Paper 1 likely has higher scientific impact due to its novel shift from output-level to representation-level verification for machine unlearning, addressing a critical gap with immediate implications for privacy, compliance, and safety auditing. It proposes both oracle-comparative and oracle-free metrics, demonstrates failures of multiple existing unlearning methods across diverse modalities, and uses statistically grounded analysis (mixed-effects models, effect sizes). This evaluation framework can influence many unlearning algorithms and regulatory practices. Paper 2 is timely and useful for multi-LLM coordination, but its impact is more benchmark- and paradigm-specific and may be outpaced quickly by fast-moving RL/agent methods.

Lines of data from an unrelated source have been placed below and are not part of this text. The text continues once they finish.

(* Consider the system of three ODEs in the unknowns $(T_0(t),T_2(t),\eta(t))\in\mathbb R^3$: \[ R\dot T_0 = Q\bigl(s_0-\overline{\alpha}_0(\eta)\bigr)-A-BT_0,\qquad R\dot T_2 = Q\bigl(s_2-\overline{\alpha}_2(\eta)\bigr)-(B+6D)T_2,\qquad \dot\eta=\varepsilon\bigl(T_0+T_2\,p_2(\eta)-T_c\bigr), \] with parameter values $Q=343$, $A=202$, $B=1.9$, $\alpha_1=0.32$, $\alpha_2=0.62$, $T_c=-10$, $D=0.35$, any fixed $R>0$, and $\varepsilon>0$. Then, for all sufficiently small $\varepsilon>0$, this system has exactly two equilibrium solutions whose $\eta$-coordinate lies in $[0,1]$, say with $\eta$-coordinates $\eta_1<\eta_2$. The equilibrium with $\eta=\eta_1$ (the larger ice cap) is unstable, and the equilibrium with $\eta=\eta_2$ (the smaller ice cap) is asymptotically stable.
   Context: $p_0(y)=1$ and $p_2(y)=\tfrac12(3y^2-1)$ are the Legendre polynomials of degree 0 and 2. The insolation distribution is $s(y)=s_0p_0(y)+s_2p_2(y)$ with $s_0=1$, $s_2=-0.477$. Set $q_0(y)=s(y)p_0(y)$, $q_2(y)=s(y)p_2(y)$. For $n=0,1$, define the polynomials in $\eta$ \[ \overline{\alpha}_{2n}(\eta)=\alpha_2 s_{2n}-(4n+1)(\alpha_2-\alpha_1)\int_0^\eta q_{2n}(y)\,dy . \] (These arise from the albedo $\alpha(y,\eta)=\alpha_1$ for $y<\eta$, $\alpha_2$ for $y>\eta$, with $\overline{\alpha}_{2n}(\eta)=(4n+1)\int_0^1\alpha(y,\eta)q_{2n}(y)\,dy$.) The variable $\eta$ (the ice line, $y=\sin(\text{latitude})$) is interpreted so that smaller $\eta$ means a larger ice cap. *)

theory Defs
  imports "HOL-Analysis.Analysis"
begin

definition p0 :: "real \<Rightarrow> real" where "p0 y = 1"
definition p2 :: "real \<Rightarrow> real" where "p2 y = (3 * y^2 - 1) / 2"

definition s0 :: real where "s0 = 1"
definition s2 :: real where "s2 = -0.477"
definition sfun :: "real \<Rightarrow> real" where "sfun y = s0 * p0 y + s2 * p2 y"

definition q0 :: "real \<Rightarrow> real" where "q0 y = sfun y * p0 y"
definition q2 :: "real \<Rightarrow> real" where "q2 y = sfun y * p2 y"

definition Qc :: real where "Qc = 343"
definition Ac :: real where "Ac = 202"
definition Bc :: real where "Bc = 1.9"
definition alpha1 :: real where "alpha1 = 0.32"
definition alpha2 :: real where "alpha2 = 0.62"
definition Tc :: real where "Tc = -10"
definition Dc :: real where "Dc = 0.35"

Paper 1 offers profound interdisciplinary scientific impact by directly linking frontier Large Reasoning Models with human cognitive and neural mechanisms using fMRI data. While Paper 2 provides critical engineering and safety evaluations for machine unlearning, Paper 1 advances fundamental scientific understanding of both artificial and biological intelligence, offering a novel computational account of human learning in complex environments.
Paper 1 exposes a fundamental flaw in current machine unlearning evaluations, demonstrating that models retaining knowledge at the representation level can still pass standard output-level tests. Its introduction of representation-level metrics (RULER) has profound implications for AI safety, privacy, and copyright compliance. Paper 2 presents a strong, domain-specific methodological improvement for fraud detection combining LLMs and GNNs, but Paper 1's findings challenge an entire subfield's evaluation paradigm, giving it significantly broader and more disruptive potential scientific impact.

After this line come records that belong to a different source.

(* Let $S$ be an infinite set and $\mathcal{F}\subseteq 2^S$ closed under finite unions. Let $\mathbf{A}=(A_1,\dots,A_k)$, $k>1$, be a classification problem. Then $\mathbf{A}\in\mathit{core}_k(\mathcal{F})$ if and only if $(A_i,A_j)\in\mathit{core}_2(\mathcal{F})$ for all $1\le i\ne j\le k$.
   Context: A classification problem is a vector $(A_1,\dots,A_k)$, $k\ge1$, of pairwise disjoint infinite subsets of $S$, of length $k$. For vectors $\mathbf{B}=(B_1,\dots,B_m)$, $\mathbf{Q}=(Q_1,\dots,Q_k)$, $\mathbf{B}\le\mathbf{Q}$ means $1\le m\le k$ and there is an injective $\sigma:\{1,\dots,m\}\to\{1,\dots,k\}$ with $B_i\subseteq Q_{\sigma(i)}$. An $\mathcal{F}$-partition is a vector of pairwise disjoint members of $\mathcal{F}$ whose union is $S$. $\mathit{class}_k(\mathcal{F})$: classification problems $\mathbf{A}$ of length $k$ with $\mathbf{A}\le\mathbf{Q}$ for some $\mathcal{F}$-partition $\mathbf{Q}$ of length $k$. For $k>1$, $\mathit{core}_k(\mathcal{F})$ is the set of classification problems $\mathbf{A}$ of length $k$ such that every classification problem $\mathbf{A}'\le\mathbf{A}$ of length $|\mathbf{A}'|>1$ satisfies $\mathbf{A}'\notin\mathit{class}_{|\mathbf{A}'|}(\mathcal{F})$. *)

theory Defs
  imports Main
begin

text \<open>Vectors are lists; index i of the paper (1-based) is position i-1 of the list.\<close>

definition pairwise_disj :: "'a set list \<Rightarrow> bool" where
  "pairwise_disj A \<longleftrightarrow> (\<forall>i<length A. \<forall>j<length A. i \<noteq> j \<longrightarrow> A ! i \<inter> A ! j = {})"

definition classification_problem :: "'a set \<Rightarrow> 'a set list \<Rightarrow> bool" where
  "classification_problem S A \<longleftrightarrow> length A \<ge> 1 \<and> pairwise_disj A \<and>
     (\<forall>i<length A. A ! i \<subseteq> S \<and> infinite (A ! i))"

definition vec_le :: "'a set list \<Rightarrow> 'a set list \<Rightarrow> bool" where
  "vec_le B Q \<longleftrightarrow> 1 \<le> length B \<and> length B \<le> length Q \<and>
     (\<exists>\<sigma>. inj_on \<sigma> {..<length B} \<and> \<sigma> ` {..<length B} \<subseteq> {..<length Q} \<and>
          (\<forall>i<length B. B ! i \<subseteq> Q ! (\<sigma> i)))"

definition F_partition :: "'a set \<Rightarrow> 'a set set \<Rightarrow> 'a set list \<Rightarrow> bool" where
  "F_partition S F Q \<longleftrightarrow> pairwise_disj Q \<and> set Q \<subseteq> F \<and> \<Union> (set Q) = S"

definition class_k :: "'a set \<Rightarrow> 'a set set \<Rightarrow> nat \<Rightarrow> 'a set list set" where
  "class_k S F k = {A. classification_problem S A \<and> length A = k \<and>
     (\<exists>Q. F_partition S F Q \<and> length Q = k \<and> vec_le A Q)}"

definition core_k :: "'a set \<Rightarrow> 'a set set \<Rightarrow> nat \<Rightarrow> 'a set list set" where
  "core_k S F k = {A. classification_problem S A \<and> length A = k \<and>
     (\<forall>A'. classification_problem S A' \<and> vec_le A' A \<and> length A' > 1 \<longrightarrow>
            A' \<notin> class_k S F (length A'))}"

end

theory Submission
  imports Defs
begin

text \<open>A sub-problem lying in \<open>class\<close> contains a pair of its entries lying in \<open>class\<^sub>2\<close>: merge all
  blocks of the witnessing \<open>\<F>\<close>-partition except the one containing the first entry, which
  stays in \<open>\<F>\<close> by closure under finite unions. Conversely, every pair of entries of a
  problem is below it, and \<open>\<le>\<close> is transitive.\<close>

lemma Union_closed_finite:
  assumes "\<And>X Y. X \<in> F \<Longrightarrow> Y \<in> F \<Longrightarrow> X \<union> Y \<in> F"
    and "finite \<X>" "\<X> \<noteq> {}" "\<X> \<subseteq> F"
  shows "\<Union>\<X> \<in> F"
  using assms(2-4) by (induction \<X> rule: finite_ne_induct) (simp_all add: assms(1))

lemma pairwise_disj_pair: "pairwise_disj [X, Y] \<longleftrightarrow> X \<inter> Y = {}"
  unfolding pairwise_disj_def by (auto simp: less_Suc_eq)

lemma classification_problem_pair:
  assumes "classification_problem S A" "i < length A" "j < length A" "i \<noteq> j"
  shows "classification_problem S [A ! i, A ! j]"
  using assms unfolding classification_problem_def pairwise_disj_def
  by (auto simp: less_2_cases_iff nth_Cons' split: if_splits)

lemma vec_le_trans:
  assumes "vec_le A B" "vec_le B C"
  shows "vec_le A C"
proof -
  obtain \<sigma> where \<sigma>: "inj_on \<sigma> {..<length A}" "\<sigma> ` {..<length A} \<subseteq> {..<length B}"
    "\<forall>i<length A. A ! i \<subseteq> B ! \<sigma> i"
    using assms(1) unfolding vec_le_def by blast
  obtain \<tau> where \<tau>: "inj_on \<tau> {..<length B}" "\<tau> ` {..<length B} \<subseteq> {..<length C}"
    "\<forall>i<length B. B ! i \<subseteq> C ! \<tau> i"
    using assms(2) unfolding vec_le_def by blast
  have "inj_on (\<tau> \<circ> \<sigma>) {..<length A}"
    using \<sigma>(1) inj_on_subset[OF \<tau>(1) \<sigma>(2)] by (rule comp_inj_on)
  moreover have "(\<tau> \<circ> \<sigma>) ` {..<length A} \<subseteq> {..<length C}"
    using \<sigma>(2) \<tau>(2) by (auto simp: image_comp[symmetric])
  moreover have "A ! n \<subseteq> C ! (\<tau> \<circ> \<sigma>) n" if "n < length A" for n
  proof -
    have "\<sigma> n < length B"
      using \<sigma>(2) that by auto
    then show ?thesis
      using \<sigma>(3) \<tau>(3) that by fastforce
  qed
  ultimately show ?thesis
    using assms unfolding vec_le_def by (intro conjI exI[of _ "\<tau> \<circ> \<sigma>"]) auto
qed

lemma vec_le_pairI:
  assumes "i < length A" "j < length A" "i \<noteq> j" "X \<subseteq> A ! i" "Y \<subseteq> A ! j"
  shows "vec_le [X, Y] A"
  unfolding vec_le_def
proof (intro conjI exI[of _ "\<lambda>n. if n = 0 then i else j"])
  show "inj_on (\<lambda>n. if n = 0 then i else j) {..<length [X, Y]}"
    using assms(3) by (auto simp: inj_on_def less_2_cases_iff)
qed (use assms in \<open>auto simp: less_2_cases_iff\<close>)

lemma vec_le_nth_pair:
  assumes "vec_le B A" "i < length B" "j < length B" "i \<noteq> j"
  obtains i' j' where "i' < length A" "j' < length A" "i' \<noteq> j'"
    "B ! i \<subseteq> A ! i'" "B ! j \<subseteq> A ! j'"
proof -
  obtain \<sigma> where \<sigma>: "inj_on \<sigma> {..<length B}" "\<sigma> ` {..<length B} \<subseteq> {..<length A}"
    "\<forall>n<length B. B ! n \<subseteq> A ! \<sigma> n"
    using assms(1) unfolding vec_le_def by blast
  have "\<sigma> i \<noteq> \<sigma> j"
    using \<sigma>(1) assms(2-4) by (auto dest: inj_onD)
  with \<sigma>(2,3) assms(2,3) show thesis
    by (intro that[of "\<sigma> i" "\<sigma> j"]) auto
qed

lemma F_partition_merge:
  assumes "\<And>X Y. X \<in> F \<Longrightarrow> Y \<in> F \<Longrightarrow> X \<union> Y \<in> F"
    and "F_partition S F Q" "a < length Q" "b < length Q" "a \<noteq> b"
  shows "F_partition S F [Q ! a, \<Union>((!) Q ` ({..<length Q} - {a}))]"
proof -
  let ?R = "\<Union>((!) Q ` ({..<length Q} - {a}))"
  have Q: "pairwise_disj Q" "set Q \<subseteq> F" "\<Union>(set Q) = S"
    using assms(2) unfolding F_partition_def by auto
  have "(!) Q ` ({..<length Q} - {a}) \<subseteq> F"
    using Q(2) by (auto simp: set_conv_nth)
  then have "?R \<in> F"
    using assms(4,5) by (intro Union_closed_finite[OF assms(1)]) auto
  moreover have "Q ! a \<inter> ?R = {}"
    using Q(1) assms(3) unfolding pairwise_disj_def by blast
  moreover have "Q ! a \<union> ?R = S"
    using Q(3) assms(3) by (auto simp: set_conv_nth)
  ultimately show ?thesis
    using Q(2) assms(3) unfolding F_partition_def pairwise_disj_pair by auto
qed

lemma class_k_pair:
  assumes "\<And>X Y. X \<in> F \<Longrightarrow> Y \<in> F \<Longrightarrow> X \<union> Y \<in> F"
    and "B \<in> class_k S F m" "i < m" "j < m" "i \<noteq> j"
  shows "[B ! i, B ! j] \<in> class_k S F 2"
proof -
  obtain Q where Q: "F_partition S F Q" "length Q = m" "vec_le B Q"
    and B: "classification_problem S B" "length B = m"
    using assms(2) unfolding class_k_def by blast
  obtain a b where ab: "a < m" "b < m" "a \<noteq> b" "B ! i \<subseteq> Q ! a" "B ! j \<subseteq> Q ! b"
    using vec_le_nth_pair[OF Q(3)] assms(3-5) B(2) Q(2) by metis
  let ?R = "\<Union>((!) Q ` ({..<m} - {a}))"
  have "F_partition S F [Q ! a, ?R]"
    using F_partition_merge[OF assms(1) Q(1)] ab(1-3) Q(2) by simp
  moreover have "vec_le [B ! i, B ! j] [Q ! a, ?R]"
    using ab by (intro vec_le_pairI[of 0 _ 1]) auto
  moreover have "classification_problem S [B ! i, B ! j]"
    using classification_problem_pair[OF B(1)] assms(3-5) B(2) by simp
  ultimately show ?thesis
    unfolding class_k_def by auto
qed

lemma core_k_pair:
  assumes "A \<in> core_k S F k" "i < k" "j < k" "i \<noteq> j"
  shows "[A ! i, A ! j] \<in> core_k S F 2"
proof -
  have A: "classification_problem S A" "length A = k"
    and core: "\<And>A'. classification_problem S A' \<Longrightarrow> vec_le A' A \<Longrightarrow> length A' > 1 \<Longrightarrow>
      A' \<notin> class_k S F (length A')"
    using assms(1) unfolding core_k_def by auto
  have "vec_le [A ! i, A ! j] A"
    by (rule vec_le_pairI) (use assms(2-4) A(2) in auto)
  then have "\<And>A'. vec_le A' [A ! i, A ! j] \<Longrightarrow> vec_le A' A"
    using vec_le_trans by blast
  then show ?thesis
    using classification_problem_pair[OF A(1)] assms(2-4) A(2) core
    unfolding core_k_def by auto
qed

lemma core_k_if_pairs:
  assumes "\<And>X Y. X \<in> F \<Longrightarrow> Y \<in> F \<Longrightarrow> X \<union> Y \<in> F"
    and "classification_problem S A" "length A = k"
    and pairs: "\<And>i j. i < k \<Longrightarrow> j < k \<Longrightarrow> i \<noteq> j \<Longrightarrow> [A ! i, A ! j] \<in> core_k S F 2"
  shows "A \<in> core_k S F k"
  unfolding core_k_def
proof (intro CollectI conjI allI impI notI assms(2,3))
  fix A' assume A': "classification_problem S A' \<and> vec_le A' A \<and> 1 < length A'"
    and "A' \<in> class_k S F (length A')"
  then have B: "[A' ! 0, A' ! 1] \<in> class_k S F 2"
    by (intro class_k_pair[OF assms(1)]) auto
  obtain i j where ij: "i < k" "j < k" "i \<noteq> j" "A' ! 0 \<subseteq> A ! i" "A' ! 1 \<subseteq> A ! j"
    using vec_le_nth_pair[of A' A 0 1] A' assms(3) by (metis less_trans zero_less_one zero_neq_one)
  have "vec_le [A' ! 0, A' ! 1] [A ! i, A ! j]"
    using ij by (intro vec_le_pairI[of 0 _ 1]) auto
  moreover have "classification_problem S [A' ! 0, A' ! 1]"
    using A' by (intro classification_problem_pair) auto
  moreover have "[A ! i, A ! j] \<in> core_k S F 2"
    using pairs ij by blast
  ultimately have "[A' ! 0, A' ! 1] \<notin> class_k S F (length [A' ! 0, A' ! 1])"
    unfolding core_k_def by auto
  with B show False
    by (simp add: numeral_2_eq_2)
qed

theorem lemma3p4:
  fixes S :: "'a set" and F :: "'a set set" and A :: "'a set list" and k :: nat
  assumes "infinite S"
    and "F \<subseteq> Pow S"
    and "\<And>X Y. X \<in> F \<Longrightarrow> Y \<in> F \<Longrightarrow> X \<union> Y \<in> F"
    and "classification_problem S A"
    and "length A = k"
    and "k > 1"
  shows "A \<in> core_k S F k \<longleftrightarrow>
         (\<forall>i<k. \<forall>j<k. i \<noteq> j \<longrightarrow> [A ! i, A ! j] \<in> core_k S F 2)"
  using core_k_pair core_k_if_pairs[OF assms(3-5)] by blast

end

Paper 2 has higher impact potential because it addresses a foundational and timely problem—verifying machine unlearning—where existing evaluation can be misleading. Its key novelty is shifting verification from outputs to representations, revealing failures that current protocols miss, and it provides both oracle-comparative and oracle-free metrics applicable across diverse modalities (tabular, vision, clinical text, face ID). This broadens relevance across privacy, security, and regulation-driven ML deployment. While Paper 1 is strong and rigorous, its scope is narrower (LLM hallucination detection) and primarily improves efficiency within an already crowded detection landscape.

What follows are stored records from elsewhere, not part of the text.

(* Let $\Phi:\mathbb{R}_{++}^{n\times m}\to\mathbb{R}$ be a convex function which is positively 1-homogeneous ($\Phi(tA)=t\Phi(A)$ for all $t>0$). Then for every $p\in\mathcal{P}_{n-1}$, $q\in\mathcal{P}_{m-1}$, \[ \inf_{P\in\Pi(p,q)}\Phi(P)=\sup\Big\{\langle p,\alpha\rangle+\langle q,\beta\rangle\ :\ \alpha\in\mathbb{R}^n,\ \beta\in\mathbb{R}^m,\ \Phi^*(\alpha\oplus\beta)=0\Big\}. \]
   Context: $\mathbb{R}_{++}^{n\times m}$ denotes the set of real $n\times m$ matrices with all entries strictly positive. $\mathcal{P}_{n-1}=\{p\in\mathbb{R}^n:\sum_i p_i=1,\ p_i>0\}$, similarly $\mathcal{P}_{m-1}$. $\Pi(p,q)=\{P\in\mathbb{R}_{++}^{n\times m}:\sum_j P_{ij}=p_i\ \forall i,\ \sum_i P_{ij}=q_j\ \forall j\}$. The Legendre transform is $\Phi^*(u)=\sup_{A\in\mathbb{R}_{++}^{n\times m}}\{\langle A,u\rangle-\Phi(A)\}\in\mathbb{R}\cup\{+\infty\}$ with $\langle A,u\rangle=\sum_{i,j}A_{ij}u^{ij}$, and $(\alpha\oplus\beta)^{ij}=\alpha^i+\beta^j$. *)

theory Defs
  imports "HOL-Analysis.Analysis"
begin

text \<open>Matrices in R^{n x m} are rendered as real^'m^'n (rows indexed by 'n, columns by 'm).\<close>

definition pos_mats :: "(real^'m^'n) set" where
  "pos_mats = {A. \<forall>i j. A $ i $ j > 0}"

definition prob_simplex :: "(real^'n) set" where
  "prob_simplex = {p. (\<forall>i. p $ i > 0) \<and> (\<Sum>i\<in>UNIV. p $ i) = 1}"

definition transport_plans :: "real^'n \<Rightarrow> real^'m \<Rightarrow> (real^'m^'n) set" where
  "transport_plans p q = {P \<in> pos_mats.
      (\<forall>i. (\<Sum>j\<in>UNIV. P $ i $ j) = p $ i) \<and> (\<forall>j. (\<Sum>i\<in>UNIV. P $ i $ j) = q $ j)}"

definition mat_pair :: "real^'m^'n \<Rightarrow> real^'m^'n \<Rightarrow> real" where
  "mat_pair A u = (\<Sum>i\<in>UNIV. \<Sum>j\<in>UNIV. A $ i $ j * u $ i $ j)"

definition legendre :: "(real^'m^'n \<Rightarrow> real) \<Rightarrow> real^'m^'n \<Rightarrow> ereal" where
  "legendre \<Phi> u = (SUP A\<in>pos_mats. ereal (mat_pair A u - \<Phi> A))"

definition oplus :: "real^'n \<Rightarrow> real^'m \<Rightarrow> real^'m^'n" where
  "oplus \<alpha> \<beta> = (\<chi> i j. \<alpha> $ i + \<beta> $ j)"

end

theory Submission
  imports Defs
begin

(* With marginals P = (row sums, column sums), the plans are the positive matrices with
   marginals P = (p, q), and by homogeneity the Legendre condition legendre \<Phi> (oplus \<alpha> \<beta>) = 0
   says exactly that the linear functional (\<alpha>, \<beta>) \<bullet> marginals lies below \<Phi> on positive matrices;
   this gives weak duality at once. For strong duality, let v be a lower bound of the primal
   problem and separate the origin from the convex set of points (marginals A - (p, q) + z, r - v)
   with \<Phi> A < r and z orthogonal to the range of marginals. Because the positive matrices form an
   open cone containing the plan p q^T, the separating functional cannot vanish in the last
   coordinate; rescaled, it is an affine minorant of \<Phi>, which homogeneity turns into a linear
   minorant whose value at (p, q) is at least v. *)

lemma le_all_pos_multiples_iff:
  fixes K y :: real
  shows "(\<forall>t>0. K \<le> t * y) \<longleftrightarrow> K \<le> 0 \<and> 0 \<le> y"
proof safe
  assume bound: "\<forall>t>0. K \<le> t * y"
  show "0 \<le> y"
  proof (rule ccontr)
    assume "\<not> 0 \<le> y"
    then have "K \<le> ((\<bar>K\<bar> + 1) / - y) * y"
      by (intro bound[rule_format]) (simp add: divide_pos_neg)
    with \<open>\<not> 0 \<le> y\<close> show False by simp
  qed
  show "K \<le> 0"
  proof (rule ccontr)
    assume "\<not> K \<le> 0"
    then have "K \<le> (K / (2 * (y + 1))) * y"
      using \<open>0 \<le> y\<close> by (intro bound[rule_format]) simp
    also have "\<dots> < K"
      using \<open>\<not> K \<le> 0\<close> \<open>0 \<le> y\<close> by (simp add: field_simps add_nonneg_pos)
    finally show False by simp
  qed
qed (simp add: mult_nonneg_nonneg order_trans)

lemma convex_strict_epigraph:
  assumes "convex_on C f"
  shows "convex {(x, r). x \<in> C \<and> f x < r}"
proof (rule convexI, clarsimp)
  fix x r x' r' and u w :: real
  assume "x \<in> C" "f x < r" "x' \<in> C" "f x' < r'" and u: "0 \<le> u" and w: "0 \<le> w" and uw: "u + w = 1"
  show "u *\<^sub>R x + w *\<^sub>R x' \<in> C \<and> f (u *\<^sub>R x + w *\<^sub>R x') < u * r + w * r'"
  proof
    show "u *\<^sub>R x + w *\<^sub>R x' \<in> C"
      using convexD[OF convex_on_imp_convex[OF assms]] \<open>x \<in> C\<close> \<open>x' \<in> C\<close> u w uw by blast
    have "f (u *\<^sub>R x + w *\<^sub>R x') \<le> u * f x + w * f x'"
      using assms \<open>x \<in> C\<close> \<open>x' \<in> C\<close> u w uw unfolding convex_on_def by blast
    also have "\<dots> < u * r + w * r'"
    proof (cases "u = 0")
      case False
      then have "u * f x < u * r" using \<open>f x < r\<close> u by simp
      moreover have "w * f x' \<le> w * r'" using \<open>f x' < r'\<close> w by (simp add: mult_left_mono)
      ultimately show ?thesis by simp
    qed (use \<open>f x' < r'\<close> uw in simp)
    finally show "f (u *\<^sub>R x + w *\<^sub>R x') < u * r + w * r'" .
  qed
qed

RULER addresses a fundamental gap in machine unlearning verification by revealing that models can pass existing output-level evaluations while still retaining forgotten data in intermediate representations. This has significant implications for privacy regulations (GDPR, right to be forgotten), AI safety, and trustworthy ML. The work introduces principled metrics (M2, M4) with rigorous statistical analysis across diverse domains (tabular, image, clinical text, face recognition). Its broader impact spans privacy, regulation compliance, and model auditing. AsyncTool, while valuable, addresses a more niche evaluation gap in LLM tool-calling efficiency with narrower implications.
Paper 1 likely has higher scientific impact due to introducing a broadly applicable, timely verification layer for machine unlearning—an area central to privacy, compliance, and trustworthy ML. The representation-level metrics (including an oracle-free diagnostic) address a clear loophole in prevailing evaluations and are demonstrated across multiple modalities and domains, suggesting wide cross-field adoption potential. Paper 2 is strong and practical but is more domain-specific (transit planning) and methodologically more incremental (MCTS+policy/value, AlphaZero-style), with impact likely concentrated in operations research/transportation.